Shamima Begum features in ‘The Return: Life After ISIS.’  - AFP
Shamima Begum features in ‘The Return: Life After ISIS.’ - AFP

“Okay, um... My name’s Shamima. I’m from the UK. I’m 19.”

Spoken with a nervous laugh, the introduction to a room full of women and restless babies could be the start of any young mothers’ support group.

But the speaker is Shamima Begum, the teenage “ISIS bride” who left Britain for Syria in 2015 to join the group, and whose desire to return sparked a right-wing press frenzy that saw her stripped of her citizenship.

The footage is captured in “The Return: Life After ISIS,” a documentary premiering Wednesday at the online Texas-based South By Southwest festival.

Spanish director Alba Sotorra got rare, extensive access to Begum and other Western women over several months in Syria’s Kurdish-run Roj camp, where they remain following the so-called caliphate’s collapse in 2019.

“I would say to the people in the UK, give me a second chance because I was still young when I left,” Begum tells the filmmakers, AFP reported.

“I just want them to put aside everything they’ve heard about me in the media,” she adds.

Begum left her London home aged just 15 to travel to Syria with two school friends, and married an ISIS fighter.

She was “found” by British journalists, heavily pregnant at another Syrian camp, in February 2019 — and her apparent lack of remorse in initial interviews drew outrage.

But Begum and fellow Westerners including US-born Hoda Muthana strike a very different and apologetic tone in Sotorra’s film.

The documentary follows “workshop” sessions in which the women write letters to their younger selves expressing regret about their departures for Syria, and plant a tree to remember their loved ones.

“It was known that Syria was a warzone and I still traveled into it with my own children — now how I did this I really don’t know looking back,” says one Western woman.
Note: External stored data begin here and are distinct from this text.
primrec ren :: "(nat \<Rightarrow> nat) \<Rightarrow> lam \<Rightarrow> lam" where
  "ren \<rho> (LVar i) = LVar (\<rho> i)"
| "ren \<rho> (LApp s t) = LApp (ren \<rho> s) (ren \<rho> t)"
| "ren \<rho> (LAbs t) = LAbs (ren (upr \<rho>) t)"

definition ups :: "(nat \<Rightarrow> lam) \<Rightarrow> nat \<Rightarrow> lam" where
  "ups \<sigma> = case_nat (LVar 0) (ren Suc \<circ> \<sigma>)"

primrec psubst :: "(nat \<Rightarrow> lam) \<Rightarrow> lam \<Rightarrow> lam" where
  "psubst \<sigma> (LVar i) = \<sigma> i"
| "psubst \<sigma> (LApp s t) = LApp (psubst \<sigma> s) (psubst \<sigma> t)"
| "psubst \<sigma> (LAbs t) = LAbs (psubst (ups \<sigma>) t)"

(* The laws of the sigma-calculus: composition of renamings and substitutions.
   The lifting case of each is the previous law. *)
lemma ren_ren: "ren \<rho> (ren \<rho>' t) = ren (\<rho> \<circ> \<rho>') t"
proof (induction t arbitrary: \<rho> \<rho>')
  case (LAbs t)
  have "upr \<rho> \<circ> upr \<rho>' = upr (\<rho> \<circ> \<rho>')"
    by (auto simp: upr_def split: nat.split)
  with LAbs show ?case by (simp add: comp_def)
qed simp_all

lemma psubst_ren: "psubst \<sigma> (ren \<rho> t) = psubst (\<sigma> \<circ> \<rho>) t"
proof (induction t arbitrary: \<sigma> \<rho>)
  case (LAbs t)
  have "ups \<sigma> \<circ> upr \<rho> = ups (\<sigma> \<circ> \<rho>)"
    by (auto simp: ups_def upr_def split: nat.split)
  with LAbs show ?case by (simp add: comp_def)
qed simp_all

lemma ren_psubst: "ren \<rho> (psubst \<sigma> t) = psubst (ren \<rho> \<circ> \<sigma>) t"
proof (induction t arbitrary: \<sigma> \<rho>)
  case (LAbs t)
  have "ren (upr \<rho>) \<circ> ups \<sigma> = ups (ren \<rho> \<circ> \<sigma>)"
    by (auto simp: ups_def upr_def ren_ren comp_def split: nat.split)
  with LAbs show ?case by (simp add: comp_def)
qed simp_all

lemma psubst_psubst: "psubst \<sigma> (psubst \<tau> t) = psubst (psubst \<sigma> \<circ> \<tau>) t"
proof (induction t arbitrary: \<sigma> \<tau>)
  case (LAbs t)
  have "psubst (ups \<sigma>) \<circ> ups \<tau> = ups (psubst \<sigma> \<circ> \<tau>)"
    by (auto simp: ups_def psubst_ren ren_psubst comp_def split: nat.split)
  with LAbs show ?case by (simp add: comp_def)
qed simp_all

lemma psubst_LVar [simp]: "psubst LVar t = t"
proof -
  have "ups LVar = LVar" by (auto simp: ups_def split: nat.split)
  then show ?thesis by (induction t) simp_all
qed

definition single :: "nat \<Rightarrow> lam \<Rightarrow> nat \<Rightarrow> lam" where
  "single k u i = (if i < k then LVar i else if i = k then u else LVar (i - 1))"

inductive lbeta :: "lam \<Rightarrow> lam \<Rightarrow> bool" where
  beta: "lbeta (LApp (LAbs t) u) (psubst (single 0 u) t)"
| appL: "lbeta s s' \<Longrightarrow> lbeta (LApp s t) (LApp s' t)"
| appR: "lbeta t t' \<Longrightarrow> lbeta (LApp s t) (LApp s t')"
| abs: "lbeta t t' \<Longrightarrow> lbeta (LAbs t) (LAbs t')"

inductive_cases lbeta_LVarE [elim!]: "lbeta (LVar i) t'"
inductive_cases lbeta_LAbsE [elim!]: "lbeta (LAbs t) t'"
inductive_cases lbeta_LAppE: "lbeta (LApp s t) t'"

lemma single_0_ups: "psubst (single 0 u) \<circ> ups \<sigma> = case_nat u \<sigma>"
  by (auto simp: ups_def single_def psubst_ren comp_def split: nat.split)

(* Beta-reduction is stable under substitution; the redex case is the
   substitution lemma in sigma-calculus form. *)
lemma lbeta_psubst: "lbeta t t' \<Longrightarrow> lbeta (psubst \<sigma> t) (psubst \<sigma> t')"
proof (induction t t' arbitrary: \<sigma> rule: lbeta.induct)
  case (beta t u)
  have "psubst \<sigma> \<circ> single 0 u = psubst (single 0 (psubst \<sigma> u)) \<circ> ups \<sigma>"
    by (auto simp: single_0_ups single_def split: nat.split)
  then have "psubst \<sigma> (psubst (single 0 u) t) =
      psubst (single 0 (psubst \<sigma> u)) (psubst (ups \<sigma>) t)"
    by (simp only: psubst_psubst)
  then show ?case using lbeta.beta[of "psubst (ups \<sigma>) t" "psubst \<sigma> u"] by simp
qed (auto intro: lbeta.intros)


datatype sty = SBase nat | SArr sty sty

inductive ltyping :: "(nat \<Rightarrow> sty) \<Rightarrow> lam \<Rightarrow> sty \<Rightarrow> bool" where
  LT_Var: "ltyping e (LVar i) (e i)"
| LT_Abs: "ltyping (case_nat T e) t U \<Longrightarrow> ltyping e (LAbs t) (SArr T U)"
| LT_App: "ltyping e s (SArr T U) \<Longrightarrow> ltyping e t T \<Longrightarrow> ltyping e (LApp s t) U"

(* Neutral terms are those whose application never creates a new redex. *)
definition neutral :: "lam \<Rightarrow> bool" where
  "neutral t \<longleftrightarrow> (\<forall>b. t \<noteq> LAbs b)"

fun reducible :: "sty \<Rightarrow> lam \<Rightarrow> bool" where
  "reducible (SBase b) t \<longleftrightarrow> termip lbeta t"
| "reducible (SArr T U) t \<longleftrightarrow> (\<forall>u. reducible T u \<longrightarrow> reducible U (LApp t u))"

lemma lbeta_LApp_neutral:
  assumes "lbeta (LApp s t) v" and "neutral s"
  shows "(\<exists>s'. lbeta s s' \<and> v = LApp s' t) \<or> (\<exists>t'. lbeta t t' \<and> v = LApp s t')"
  using assms by (auto simp: neutral_def elim: lbeta_LAppE)

lemma reducible_candidate:
  shows reducible_sn: "reducible T t \<Longrightarrow> termip lbeta t"
    and reducible_step: "reducible T t \<Longrightarrow> lbeta t t' \<Longrightarrow> reducible T t'"
    and reducible_neutral:
      "neutral t \<Longrightarrow> (\<And>t'. lbeta t t' \<Longrightarrow> reducible T t') \<Longrightarrow> reducible T t"
proof (induction T arbitrary: t t')
  case (SBase b)
  {
    case 1 then show ?case by (simp only: reducible.simps)
  next
    case 2 then show ?case by (auto intro: accp_downward)
  next
    case 3 then show ?case by (auto intro: accp.accI)
  }
next
  case (SArr T U)
  have var_reducible: "reducible T (LVar i)" for i
    by (rule SArr.IH(3)) (auto simp: neutral_def)
  {
    case 1
    then have "reducible U (LApp t (LVar 0))" using var_reducible by simp
    then have "termip lbeta (LApp t (LVar 0))" by (rule SArr.IH(4))
    then show ?case by (rule termip_reflect[rotated]) (rule lbeta.appL)
  next
    case 2
    then show ?case using SArr.IH(5) by (auto intro: lbeta.appL)
  next
    case 3
    show ?case
    proof (intro reducible.simps(2)[THEN iffD2] allI impI)
      fix u assume "reducible T u"
      then have "termip lbeta u" by (rule SArr.IH(1))
      then show "reducible U (LApp t u)" using \<open>reducible T u\<close>
      proof (induction rule: accp.induct)
        case (accI u)
        show ?case
        proof (rule SArr.IH(6))
          show "neutral (LApp t u)" by (simp add: neutral_def)
          fix v assume "lbeta (LApp t u) v"
          with \<open>neutral t\<close> consider
              (head) t' where "lbeta t t'" "v = LApp t' u"
            | (arg) u' where "lbeta u u'" "v = LApp t u'"
            by (blast dest: lbeta_LApp_neutral)
          then show "reducible U v"
          proof cases
            case head
            then show ?thesis using 3 accI.prems by auto
          next
            case arg
            then show ?thesis using accI SArr.IH(2) by auto
          qed
        qed
      qed
    qed
  }
qed

lemma lbeta_redex_cases:
  assumes "lbeta (LApp (LAbs b) u) v"
  obtains (contract) "v = psubst (single 0 u) b"
    | (body) b' where "lbeta b b'" "v = LApp (LAbs b') u"
    | (arg) u' where "lbeta u u'" "v = LApp (LAbs b) u'"
  using assms by (auto elim: lbeta_LAppE)

lemma reducible_LAbs:
  assumes body: "\<And>u. reducible T u \<Longrightarrow> reducible U (psubst (single 0 u) b)"
  shows "reducible (SArr T U) (LAbs b)"
proof (intro reducible.simps(2)[THEN iffD2] allI impI)
  fix u assume u: "reducible T u"
  have "reducible T (LVar 0)"
    by (rule reducible_neutral) (auto simp: neutral_def)
  then have "termip lbeta (psubst (single 0 (LVar 0)) b)"
    using body reducible_sn by blast
  then have "termip lbeta b"
    by (rule termip_reflect[rotated]) (rule lbeta_psubst)
  then show "reducible U (LApp (LAbs b) u)"
    using body u
  proof (induction b arbitrary: u rule: accp.induct)
    case (accI b)
    note IH_body = accI.IH and body_b = accI.prems(1)
    from \<open>reducible T u\<close> have "termip lbeta u" by (rule reducible_sn)
    then show ?case using \<open>reducible T u\<close>
    proof (induction u rule: accp.induct)
      case (accI u)
      show ?case
      proof (rule reducible_neutral)
        show "neutral (LApp (LAbs b) u)" by (simp add: neutral_def)
        fix v assume "lbeta (LApp (LAbs b) u) v"
        then show "reducible U v"
        proof (cases rule: lbeta_redex_cases)
          case contract
          then show ?thesis using body_b accI.prems by simp
        next
          case (body b')
          have "reducible U (psubst (single 0 w) b')" if "reducible T w" for w
            using body_b[OF that] \<open>lbeta b b'\<close>
            by (blast intro: reducible_step lbeta_psubst)
          then show ?thesis using IH_body body accI.prems by simp
        next
          case (arg u')
          then show ?thesis using accI reducible_step by simp
        qed
      qed
    qed
  qed
qed

lemma ltyping_reducible:
  assumes "ltyping e t T" and "\<And>i. reducible (e i) (\<sigma> i)"
  shows "reducible T (psubst \<sigma> t)"
  using assms
proof (induction arbitrary: \<sigma> rule: ltyping.induct)
  case (LT_Var e i)
  then show ?case by simp
next
  case (LT_Abs T e t U)
  show ?case
  proof (simp only: psubst.simps, rule reducible_LAbs)
    fix u assume "reducible T u"
    then have "reducible (case_nat T e i) (case_nat u \<sigma> i)" for i
      using LT_Abs.prems by (cases i) simp_all
    then have "reducible U (psubst (case_nat u \<sigma>) t)" by (rule LT_Abs.IH)
    then show "reducible U (psubst (single 0 u) (psubst (ups \<sigma>) t))"
      by (simp add: psubst_psubst single_0_ups)
  qed
next
  case (LT_App e s T U t)
  then show ?case by simp
qed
Begum recalls feeling like an “outsider” in London who wanted to “help the Syrians,” but claims on arrival she quickly realized ISIS were “trapping people” to boost the so-called caliphate’s numbers and “look good for the (propaganda) videos.”

Sotorra, the director, gained camp access thanks to Kurdish fighters she had followed in Syria for her previous film.
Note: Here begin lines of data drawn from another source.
definition wf_aut :: "streett_aut \<Rightarrow> bool" where
  "wf_aut A \<longleftrightarrow> finite (alphabet A) \<and> alphabet A \<noteq> {} \<and> finite (states A)
     \<and> init A \<in> states A
     \<and> (\<forall>q\<in>states A. \<forall>a\<in>alphabet A. atoms (delta A q a) \<subseteq> states A)
     \<and> (\<forall>(B, G)\<in>set (cond A). B \<union> G \<subseteq> states A \<times> alphabet A \<times> states A)"

definition streett_accepting :: "streett_aut \<Rightarrow> (nat \<Rightarrow> trans) \<Rightarrow> bool" where
  "streett_accepting A \<rho> \<longleftrightarrow>
     (\<forall>(B, G)\<in>set (cond A). finite {i. \<rho> i \<in> B} \<or> infinite {i. \<rho> i \<in> G})"

text \<open>Descending a formula: at a disjunction Eve's choice function decides
  (True = left disjunct), at a conjunction Adam's does (True = left conjunct).
  Choice functions are indexed by the position (path from the root).\<close>
fun resolve :: "'q pbf \<Rightarrow> (bool list \<Rightarrow> bool) \<Rightarrow> (bool list \<Rightarrow> bool) \<Rightarrow> 'q" where
  "resolve (Atom q) e d = q"
| "resolve (Conj f g) e d =
     (if d [] then resolve f (\<lambda>p. e (True # p)) (\<lambda>p. d (True # p))
      else resolve g (\<lambda>p. e (False # p)) (\<lambda>p. d (False # p)))"
| "resolve (Disj f g) e d =
     (if e [] then resolve f (\<lambda>p. e (True # p)) (\<lambda>p. d (True # p))
      else resolve g (\<lambda>p. e (False # p)) (\<lambda>p. d (False # p)))"

text \<open>Strategies (full information): Eve's and Adam's choices within a round
  depend on the history of transitions so far, the current letter, and the
  position in the current transition condition. The letter of each round is
  given by a function of the history (fixed word in the model-checking game,
  Adam's choice in the letter game).\<close>
type_synonym strat = "trans list \<Rightarrow> nat \<Rightarrow> bool list \<Rightarrow> bool"

definition cur_state :: "streett_aut \<Rightarrow> trans list \<Rightarrow> nat" where
  "cur_state A h = (if h = [] then init A else snd (snd (last h)))"

fun hist :: "streett_aut \<Rightarrow> (trans list \<Rightarrow> nat) \<Rightarrow> strat \<Rightarrow> strat \<Rightarrow> nat \<Rightarrow> trans list" where
  "hist A lf \<sigma> \<tau> 0 = []"
| "hist A lf \<sigma> \<tau> (Suc i) =
     (let h = hist A lf \<sigma> \<tau> i; q = cur_state A h; a = lf h
      in h @ [(q, a, resolve (delta A q a) (\<sigma> h a) (\<tau> h a))])"

definition play :: "streett_aut \<Rightarrow> (trans list \<Rightarrow> nat) \<Rightarrow> strat \<Rightarrow> strat \<Rightarrow> nat \<Rightarrow> trans" where
  "play A lf \<sigma> \<tau> i = last (hist A lf \<sigma> \<tau> (Suc i))"

definition played_word :: "streett_aut \<Rightarrow> (trans list \<Rightarrow> nat) \<Rightarrow> strat \<Rightarrow> strat \<Rightarrow> nat \<Rightarrow> nat" where
  "played_word A lf \<sigma> \<tau> i = lf (hist A lf \<sigma> \<tau> i)"

definition lang :: "streett_aut \<Rightarrow> (nat \<Rightarrow> nat) set" where
  "lang A = {w. (\<forall>i. w i \<in> alphabet A) \<and>
     (\<exists>\<sigma>. \<forall>\<tau>. streett_accepting A (play A (\<lambda>h. w (length h)) \<sigma> \<tau>))}"

definition exists_gfg :: "streett_aut \<Rightarrow> bool" where
  "exists_gfg A \<longleftrightarrow> (\<exists>\<sigma>. \<forall>lf \<tau>. (\<forall>h. lf h \<in> alphabet A) \<longrightarrow>
     played_word A lf \<sigma> \<tau> \<notin> lang A \<or> streett_accepting A (play A lf \<sigma> \<tau>))"

text \<open>Boxes. A local strategy for letter a gives, for every state q, a choice
  at every disjunction (by position) of delta q a.\<close>
fun reach :: "'q pbf \<Rightarrow> (bool list \<Rightarrow> bool) \<Rightarrow> 'q set" where
  "reach (Atom q) c = {q}"
| "reach (Conj f g) c = reach f (\<lambda>p. c (True # p)) \<union> reach g (\<lambda>p. c (False # p))"
| "reach (Disj f g) c = (if c [] then reach f (\<lambda>p. c (True # p)) else reach g (\<lambda>p. c (False # p)))"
She set out to document the Kurdish women’s sacrifices in running a camp filled with their former enemies’ wives and children, but soon pivoted to the Western women.

“I will never be able to understand how a woman from the West can take this decision of leaving everything behind to join a group that is committing the atrocities that ISIS is committing,” Sotorra told AFP.

“I do understand now how you can make a mistake.”

On Sotorra’s arrival in March 2019, the women — fresh from a warzone — were “somehow blocked... not thinking and not feeling.”

“Shamima was a piece of ice when I met her,” Sotorra told AFP.

“She lost the kid when I was there... it took a while to be able to cry,” she recalled.

“I think it’s just surviving, you need to protect yourself to survive.”

Another factor is the enduring presence of “small but very powerful” groups of even “more radicalized women” who remain loyal to ISIS and exert pressure on their campmates.

“We had (other) women who joined in the beginning, and then they received pressure from other women so they stopped coming,” said Sotorra.

In the film, Begum claims she “had no choice but to say certain things” to journalists “because I lived in fear of these women coming to my tent one day and killing me and killing my baby.”

The question of what can and should be done with these women — and their children — plagues Western governments, sowing divisions among allies.

Last month, Britain’s Supreme Court rejected Begum’s bid to return to challenge a decision stripping her citizenship on national security grounds.

How much the women knew about — and abetted — ISIS's rapes, tortures and beheadings may never be known.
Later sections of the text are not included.